How the world’s Top 10 economies generate energy

Oil still dominates across major economies
Oil remains the leading energy source in six of the world’s ten largest economies, including the United States, Germany, Japan, the United Kingdom and Italy. Its dominance is largely driven by its critical role in transport and industrial activity.
Among these markets, Italy is the most oil-reliant, with close to 46% of its energy mix coming from petroleum. Germany and the UK also maintain significant dependence, although both have made notable progress in expanding renewable capacity in recent years.
The data above highlights the energy mix across the world’s top 10 economies, illustrating how oil continues to play a central role, even in countries with ambitious climate targets. Despite ongoing transition efforts, its position within global transport systems makes it particularly difficult to replace in the near term.
Coal remains central in China and India
Coal continues to underpin the energy systems of the world’s two most populous economies. It accounts for approximately 58% of China’s energy supply and around 59% in India.
This heavy reliance is closely tied to both countries’ large-scale industrial activity and the availability of domestic coal reserves. As a result, coal remains a cost-effective and dependable source for electricity generation and manufacturing.
That said, both nations are investing heavily in renewables and nuclear power as they work to balance continued economic growth with emissions reduction targets.
Diverging routes to lower-carbon energy
While some economies are accelerating renewable deployment, others are leveraging nuclear and hydropower as key components of their transition strategies.
France stands out for its strong reliance on nuclear energy, which contributes more than 46% of its total energy mix. Canada, by contrast, benefits from significant hydropower resources, with hydro accounting for over 10% of supply, alongside a relatively balanced mix of oil and natural gas.
Russia presents a different profile, with the lowest share of renewables among the group at just 0.2%. Its energy mix is heavily weighted toward fossil fuels, particularly natural gas, which makes up more than half of total supply.
That said, both nations are investing heavily in renewables and nuclear power as they work to balance continued economic growth with emissions reduction targets.

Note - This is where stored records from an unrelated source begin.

(* Let $\Omega\subset\mathbb{R}^3$ be a bounded domain with $C^2$ boundary satisfying the uniform circumscribed sphere condition with radius $R$. Then $$|x-q^+(x,v)|\lesssim R\,N(x,v)$$ for all $v\in\mathbb{R}^3\setminus\{0\}$ and all $x\in\Gamma^-_v:=\{x\in\partial\Omega: n(x)\cdot v<0\}$, with an absolute implicit constant.
   Context: $n(x)$ is the outward unit normal at $x\in\partial\Omega$. $N(x,v)=-n(q(x,v))\cdot\frac{v}{|v|}$, where $q(x,v)=x-\tau_{x,v}v$ is the backward exit point; for $x\in\partial\Omega$ with $n(x)\cdot v<0$ this gives $q(x,v)=x$ and $N(x,v)=-n(x)\cdot v/|v|$. $q^+(x,v)$ denotes the point where the ray $\{x+sv:s>0\}$ leaves $\Omega$, i.e. the other endpoint of the chord of $\bar\Omega$ through $x$ in direction $v$. Uniform circumscribed sphere condition with radius $R$: every $x\in\partial\Omega$ lies on $\partial B_R$ for some ball $B_R$ of radius $R$ with $\bar\Omega\subset\bar B_R$. *)

theory Defs
  imports "HOL-Analysis.Analysis"
begin

definition C2_local_defining ::
  "(real^3) set \<Rightarrow> (real^3) set \<Rightarrow> (real^3 \<Rightarrow> real) \<Rightarrow> (real^3 \<Rightarrow> real^3) \<Rightarrow> bool" where
  "C2_local_defining \<Omega> U \<rho> g \<longleftrightarrow>
     open U \<and>
     (\<forall>y\<in>U. (\<rho> has_derivative (\<lambda>h. g y \<bullet> h)) (at y)) \<and>
     (\<exists>g'. (\<forall>y\<in>U. (g has_derivative g' y) (at y)) \<and> (\<forall>h. continuous_on U (\<lambda>y. g' y h))) \<and>
     (\<forall>y\<in>U. g y \<noteq> 0) \<and>
     \<Omega> \<inter> U = {y\<in>U. \<rho> y < 0}"

definition C2_boundary :: "(real^3) set \<Rightarrow> bool" where
  "C2_boundary \<Omega> \<longleftrightarrow> (\<forall>x\<in>frontier \<Omega>. \<exists>U \<rho> g. x \<in> U \<and> C2_local_defining \<Omega> U \<rho> g)"

definition outward_unit_normal :: "(real^3) set \<Rightarrow> (real^3 \<Rightarrow> real^3) \<Rightarrow> bool" where
  "outward_unit_normal \<Omega> n \<longleftrightarrow>
     (\<forall>x\<in>frontier \<Omega>. \<exists>U \<rho> g. x \<in> U \<and> C2_local_defining \<Omega> U \<rho> g \<and> n x = (1 / norm (g x)) *\<^sub>R g x)"

definition bounded_domain :: "(real^3) set \<Rightarrow> bool" where
  "bounded_domain \<Omega> \<longleftrightarrow> open \<Omega> \<and> connected \<Omega> \<and> bounded \<Omega> \<and> \<Omega> \<noteq> {}"

definition circumscribed_sphere_cond :: "(real^3) set \<Rightarrow> real \<Rightarrow> bool" where
  "circumscribed_sphere_cond \<Omega> R \<longleftrightarrow>
     (\<forall>x\<in>frontier \<Omega>. \<exists>c. dist x c = R \<and> closure \<Omega> \<subseteq> cball c R)"

definition q_plus :: "(real^3) set \<Rightarrow> real^3 \<Rightarrow> real^3 \<Rightarrow> real^3" where
  "q_plus \<Omega> x v = x + (Inf {t. t > 0 \<and> x + t *\<^sub>R v \<notin> \<Omega>}) *\<^sub>R v"

text \<open>N(x,v) for x on the boundary with n(x)\<cdot>v < 0 (then q(x,v) = x).\<close>
definition N_fun :: "(real^3 \<Rightarrow> real^3) \<Rightarrow> real^3 \<Rightarrow> real^3 \<Rightarrow> real" where
  "N_fun n x v = - (n x \<bullet> v) / norm v"

end

theory Submission
  imports Defs
begin

text \<open>If the ball of radius R around c contains \<Omega> and touches its boundary at x, then x + s w
  lies in the ball for small s > 0 whenever n(x) \<bullet> w < 0, so (x - c) \<bullet> w \<le> 0 for all such w.
  This forces n(x) = (x - c) / R: the outward normal of \<Omega> at x is that of the sphere.
  The ray from x in direction v leaves the ball at the second intersection with the sphere,
  at parameter -2 (x - c) \<bullet> v / |v|^2, hence |x - q^+(x,v)| \<le> -2 (x - c) \<bullet> v / |v| = 2 R N(x,v).\<close>

lemma frontier_sublevel_set_zero:
  fixes \<rho> :: "'a::t2_space \<Rightarrow> real"
  assumes "open \<Omega>" "x \<in> frontier \<Omega>" "open U" "x \<in> U" "\<Omega> \<inter> U = {y\<in>U. \<rho> y < 0}"
    and "isCont \<rho> x"
  shows "\<rho> x = 0"
proof -
  have "x \<notin> \<Omega>" using assms(1,2) by (simp add: frontier_def interior_open)
  then have "\<not> \<rho> x < 0" using assms(4,5) by blast
  moreover have "\<not> \<rho> x > 0"
  proof
    assume "\<rho> x > 0"
    then have "\<forall>\<^sub>F y in at x. \<rho> y > 0"
      using assms(6) isCont_def order_tendstoD(1) by metis
    moreover have "\<forall>\<^sub>F y in at x. y \<in> U" using assms(3,4) eventually_at_topological by blast
    ultimately have "\<forall>\<^sub>F y in at x. y \<notin> \<Omega>"
      by eventually_elim (metis assms(5) IntI mem_Collect_eq less_asym)
    moreover have "x islimpt \<Omega>"
      using assms(2) \<open>x \<notin> \<Omega>\<close> by (simp add: frontier_def islimpt_in_closure)
    ultimately show False by (simp add: islimpt_iff_eventually)
  qed
  ultimately show ?thesis by linarith
qed

lemma C2_local_defining_descent_enters:
  assumes "C2_local_defining \<Omega> U \<rho> g" "x \<in> U" "\<rho> x = 0" "g x \<bullet> w < 0"
  shows "\<forall>\<^sub>F s in at_right 0. x + s *\<^sub>R w \<in> \<Omega>"
proof -
  have U: "open U" and eq: "\<Omega> \<inter> U = {y\<in>U. \<rho> y < 0}"
    and d: "(\<rho> has_derivative (\<lambda>h. g x \<bullet> h)) (at x)"
    using assms(1,2) unfolding C2_local_defining_def by auto
  have "((\<lambda>s. \<rho> (x + s *\<^sub>R w)) has_real_derivative g x \<bullet> w) (at 0)"
    by (rule has_derivative_imp_has_field_derivative[OF has_derivative_compose[of "\<lambda>s. x + s *\<^sub>R w"]])
      (use d in \<open>auto intro!: derivative_eq_intros\<close>)
  from DERIV_neg_dec_right[OF this assms(4)]
  have "\<forall>\<^sub>F s in at_right 0. \<rho> (x + s *\<^sub>R w) < 0"
    using assms(3) by (auto simp: eventually_at_right_field)
  moreover have "((\<lambda>s. x + s *\<^sub>R w) \<longlongrightarrow> x) (at_right 0)"
    by (auto intro!: tendsto_eq_intros)
  then have "\<forall>\<^sub>F s in at_right 0. x + s *\<^sub>R w \<in> U"
    using U assms(2) topological_tendstoD by blast
  ultimately show ?thesis by eventually_elim (use eq in auto)
qed

lemma sphere_tangent_inner_nonpos:
  fixes x c w :: "'a::real_inner"
  assumes "dist x c = R" "\<forall>\<^sub>F s in at_right 0. x + s *\<^sub>R w \<in> cball c R"
  shows "(x - c) \<bullet> w \<le> 0"
proof (rule ccontr)
  define a where "a = x - c"
  assume "\<not> (x - c) \<bullet> w \<le> 0"
  then have aw: "a \<bullet> w > 0" by (simp add: a_def)
  have "((\<lambda>s. s * (w \<bullet> w)) \<longlongrightarrow> 0) (at_right 0)"
    by (auto intro!: tendsto_eq_intros)
  then have "\<forall>\<^sub>F s in at_right 0. s * (w \<bullet> w) < a \<bullet> w"
    using aw order_tendstoD(2) by blast
  then have "\<forall>\<^sub>F s in at_right 0. s > 0 \<and> s * (w \<bullet> w) < a \<bullet> w"
    using eventually_at_right_less eventually_conj by blast
  with assms(2) have "\<forall>\<^sub>F s in at_right (0::real). False"
  proof eventually_elim
    case (elim s)
    then have "norm (a + s *\<^sub>R w) \<le> norm a"
      using assms(1) by (simp add: a_def dist_norm norm_minus_commute algebra_simps)
    then have "a \<bullet> a + 2 * s * (a \<bullet> w) + s\<^sup>2 * (w \<bullet> w) \<le> a \<bullet> a"
      by (simp add: norm_le inner_add_left inner_add_right inner_commute power2_eq_square algebra_simps)
    moreover have "0 < s * (a \<bullet> w)" and "0 \<le> s\<^sup>2 * (w \<bullet> w)"
      using elim aw by simp_all
    ultimately show False by linarith
  qed
  then show False by simp
qed

lemma halfspace_inclusion_imp_nonneg_multiple:
  fixes a u :: "'a::real_inner"
  assumes "u \<noteq> 0" and halfspace: "\<And>w. u \<bullet> w < 0 \<Longrightarrow> a \<bullet> w \<le> 0"
  shows "\<exists>k\<ge>0. a = k *\<^sub>R u"
proof -
  define k where "k = (a \<bullet> u) / (u \<bullet> u)"
  define p where "p = a - k *\<^sub>R u"
  have uu: "u \<bullet> u > 0" using assms(1) by simp
  have pu: "p \<bullet> u = 0" using uu by (simp add: p_def k_def inner_diff_left)
  have ap: "a \<bullet> p = p \<bullet> p"
    using pu by (simp add: p_def inner_diff_left inner_diff_right inner_commute)
  have au: "a \<bullet> u \<ge> 0" using halfspace[of "- u"] uu by simp
  have small: "p \<bullet> p \<le> \<delta> * (a \<bullet> u)" if "\<delta> > 0" for \<delta>
  proof -
    have "u \<bullet> (p - \<delta> *\<^sub>R u) < 0"
      using pu uu that by (simp add: inner_diff_right inner_commute)
    then have "a \<bullet> (p - \<delta> *\<^sub>R u) \<le> 0" by (rule halfspace)
    then show ?thesis by (simp add: inner_diff_right ap)
  qed
  have "p \<bullet> p \<le> 0"
  proof (rule field_le_epsilon)
    fix e :: real
    assume "e > 0"
    then have "p \<bullet> p \<le> e / (a \<bullet> u + 1) * (a \<bullet> u)"
      using au small[of "e / (a \<bullet> u + 1)"] by simp
    also have "\<dots> \<le> e" using au \<open>e > 0\<close> by (simp add: field_simps)
    finally show "p \<bullet> p \<le> 0 + e" by simp
  qed
  then have "p = 0" by (metis inner_gt_zero_iff not_less)
  moreover have "k \<ge> 0" using au uu by (simp add: k_def)
  ultimately show ?thesis by (auto simp: p_def)
qed

text \<open>The bound on t is the parameter of the second intersection of the line through x
  with the sphere.\<close>
lemma sphere_ray_outside_cball:
  fixes x c v :: "'a::real_inner"
  assumes "dist x c = R" "v \<noteq> 0" "0 < t" "- 2 * ((x - c) \<bullet> v) / (v \<bullet> v) < t"
  shows "x + t *\<^sub>R v \<notin> cball c R"
proof -
  define a where "a = x - c"
  define T where "T = - 2 * (a \<bullet> v) / (v \<bullet> v)"
  have vv: "v \<bullet> v > 0" using assms(2) by simp
  have "(a + t *\<^sub>R v) \<bullet> (a + t *\<^sub>R v) = a \<bullet> a + 2 * t * (a \<bullet> v) + t\<^sup>2 * (v \<bullet> v)"
    by (simp add: inner_add_left inner_add_right inner_commute power2_eq_square algebra_simps)
  also have "\<dots> = a \<bullet> a + t * (v \<bullet> v) * (t - T)"
    using vv by (simp add: T_def power2_eq_square field_simps)
  finally have "(a + t *\<^sub>R v) \<bullet> (a + t *\<^sub>R v) > a \<bullet> a"
    using assms(3,4) vv by (simp add: T_def a_def)
  then have "norm a < norm (a + t *\<^sub>R v)" by (simp add: norm_lt)
  then show ?thesis
    using assms(1) by (simp add: a_def dist_norm algebra_simps norm_minus_commute[of c])
qed

lemma dist_q_plus_le:
  assumes "0 \<le> T" and outside: "\<And>t. T < t \<Longrightarrow> x + t *\<^sub>R v \<notin> \<Omega>"
  shows "dist x (q_plus \<Omega> x v) \<le> T * norm v"
proof -
  define S where "S = {t. t > 0 \<and> x + t *\<^sub>R v \<notin> \<Omega>}"
  have S: "T + e \<in> S" if "e > 0" for e
    using assms(1) outside[of "T + e"] that by (simp add: S_def)
  have "bdd_below S" by (rule bdd_belowI[of _ 0]) (simp add: S_def)
  have "Inf S \<le> T"
  proof (rule field_le_epsilon)
    fix e :: real
    assume "e > 0"
    with S \<open>bdd_below S\<close> show "Inf S \<le> T + e" by (simp add: cInf_lower)
  qed
  moreover have "0 \<le> Inf S"
    using S[of 1] by (intro cInf_greatest) (auto simp: S_def)
  moreover have "dist x (q_plus \<Omega> x v) = \<bar>Inf S\<bar> * norm v"
    by (simp add: q_plus_def S_def dist_norm)
  ultimately show ?thesis by (simp add: mult_right_mono)
qed

lemma outward_normal_at_circumscribed_sphere:
  assumes "open \<Omega>" "outward_unit_normal \<Omega> n" "x \<in> frontier \<Omega>"
    and sphere: "dist x c = R" "R > 0" "closure \<Omega> \<subseteq> cball c R"
  shows "n x = (1 / R) *\<^sub>R (x - c)"
proof -
  obtain U \<rho> g where U: "x \<in> U" "C2_local_defining \<Omega> U \<rho> g"
    and nx: "n x = (1 / norm (g x)) *\<^sub>R g x"
    using assms(2,3) unfolding outward_unit_normal_def by blast
  have "g x \<noteq> 0" and "isCont \<rho> x"
    using U has_derivative_continuous unfolding C2_local_defining_def by blast+
  then have "\<rho> x = 0"
    using U assms(1,3) frontier_sublevel_set_zero unfolding C2_local_defining_def by blast
  have "(x - c) \<bullet> w \<le> 0" if "g x \<bullet> w < 0" for w
  proof (rule sphere_tangent_inner_nonpos[OF sphere(1)])
    show "\<forall>\<^sub>F s in at_right 0. x + s *\<^sub>R w \<in> cball c R"
      using C2_local_defining_descent_enters[OF U(2,1) \<open>\<rho> x = 0\<close> that]
      by eventually_elim (use sphere(3) closure_subset in blast)
  qed
  with \<open>g x \<noteq> 0\<close> obtain k where k: "k \<ge> 0" "x - c = k *\<^sub>R g x"
    using halfspace_inclusion_imp_nonneg_multiple by blast
  then have "R = k * norm (g x)"
    using sphere(1) by (simp add: dist_norm)
  then have "k \<noteq> 0" using sphere(2) by auto
  then show ?thesis using \<open>R = k * norm (g x)\<close> \<open>g x \<noteq> 0\<close> k(2) by (simp add: nx)
qed

lemma dist_q_plus_le_chord:
  assumes "dist x c = R" "\<Omega> \<subseteq> cball c R" "v \<noteq> 0" "(x - c) \<bullet> v \<le> 0"
  shows "dist x (q_plus \<Omega> x v) \<le> - 2 * ((x - c) \<bullet> v) / norm v"
proof -
  define T where "T = - 2 * ((x - c) \<bullet> v) / (v \<bullet> v)"
  have "0 \<le> T"
    unfolding T_def using assms(3,4) by (intro divide_nonneg_pos) simp_all
  have "x + t *\<^sub>R v \<notin> \<Omega>" if "T < t" for t
  proof -
    have "x + t *\<^sub>R v \<notin> cball c R"
      using sphere_ray_outside_cball[OF assms(1,3)] \<open>0 \<le> T\<close> that by (simp add: T_def)
    then show ?thesis using assms(2) by blast
  qed
  with \<open>0 \<le> T\<close> have "dist x (q_plus \<Omega> x v) \<le> T * norm v"
    by (rule dist_q_plus_le)
  also have "T * norm v = - 2 * ((x - c) \<bullet> v) / norm v"
    using assms(3) by (simp add: T_def power2_norm_eq_inner[symmetric] power2_eq_square)
  finally show ?thesis .
qed

theorem proposition2p7:
  shows "\<exists>C>0. \<forall>(\<Omega>::(real^3) set) n R.
           bounded_domain \<Omega> \<and> C2_boundary \<Omega> \<and> outward_unit_normal \<Omega> n \<and> R > 0 \<and>
           circumscribed_sphere_cond \<Omega> R \<longrightarrow>
           (\<forall>v x. v \<noteq> 0 \<and> x \<in> frontier \<Omega> \<and> n x \<bullet> v < 0 \<longrightarrow>
              dist x (q_plus \<Omega> x v) \<le> C * R * N_fun n x v)"
proof (intro exI[of _ 2] conjI allI impI)
  fix \<Omega> :: "(real^3) set" and n R v x
  assume "bounded_domain \<Omega> \<and> C2_boundary \<Omega> \<and> outward_unit_normal \<Omega> n \<and> R > 0 \<and>
    circumscribed_sphere_cond \<Omega> R"
  then have "open \<Omega>" "outward_unit_normal \<Omega> n" "R > 0" "circumscribed_sphere_cond \<Omega> R"
    by (simp_all add: bounded_domain_def)
  assume "v \<noteq> 0 \<and> x \<in> frontier \<Omega> \<and> n x \<bullet> v < 0"
  then have "v \<noteq> 0" "x \<in> frontier \<Omega>" "n x \<bullet> v < 0" by simp_all
  obtain c where c: "dist x c = R" "closure \<Omega> \<subseteq> cball c R"
    using \<open>circumscribed_sphere_cond \<Omega> R\<close> \<open>x \<in> frontier \<Omega>\<close>
    unfolding circumscribed_sphere_cond_def by blast
  have nx: "n x = (1 / R) *\<^sub>R (x - c)"
    using outward_normal_at_circumscribed_sphere \<open>open \<Omega>\<close> \<open>outward_unit_normal \<Omega> n\<close>
      \<open>x \<in> frontier \<Omega>\<close> c \<open>R > 0\<close> by blast
  then have "(x - c) \<bullet> v < 0" using \<open>n x \<bullet> v < 0\<close> \<open>R > 0\<close> by (simp add: divide_less_0_iff)
  then have "dist x (q_plus \<Omega> x v) \<le> - 2 * ((x - c) \<bullet> v) / norm v"
    using dist_q_plus_le_chord c closure_subset \<open>v \<noteq> 0\<close> by (meson order.trans less_imp_le)
  also have "\<dots> = 2 * R * N_fun n x v"
    using \<open>R > 0\<close> by (simp add: N_fun_def nx)
  finally show "dist x (q_plus \<Omega> x v) \<le> 2 * R * N_fun n x v" .
qed simp

end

Implications for data centres and the energy transition
These evolving energy mixes have direct implications for power-intensive sectors such as data centres, where demand for reliable, scalable energy continues to surge. As digital infrastructure expands, operators are increasingly prioritising access to low-carbon and stable power sources, driving greater alignment with renewable energy, nuclear, and hydro-backed grids. However, in markets still heavily reliant on fossil fuels, particularly coal and natural gas, balancing sustainability targets with energy security remains a key challenge. This dynamic is accelerating investment in renewable capacity, grid modernisation, and energy storage, positioning data centres as both a major driver of demand and a catalyst for the global energy transition.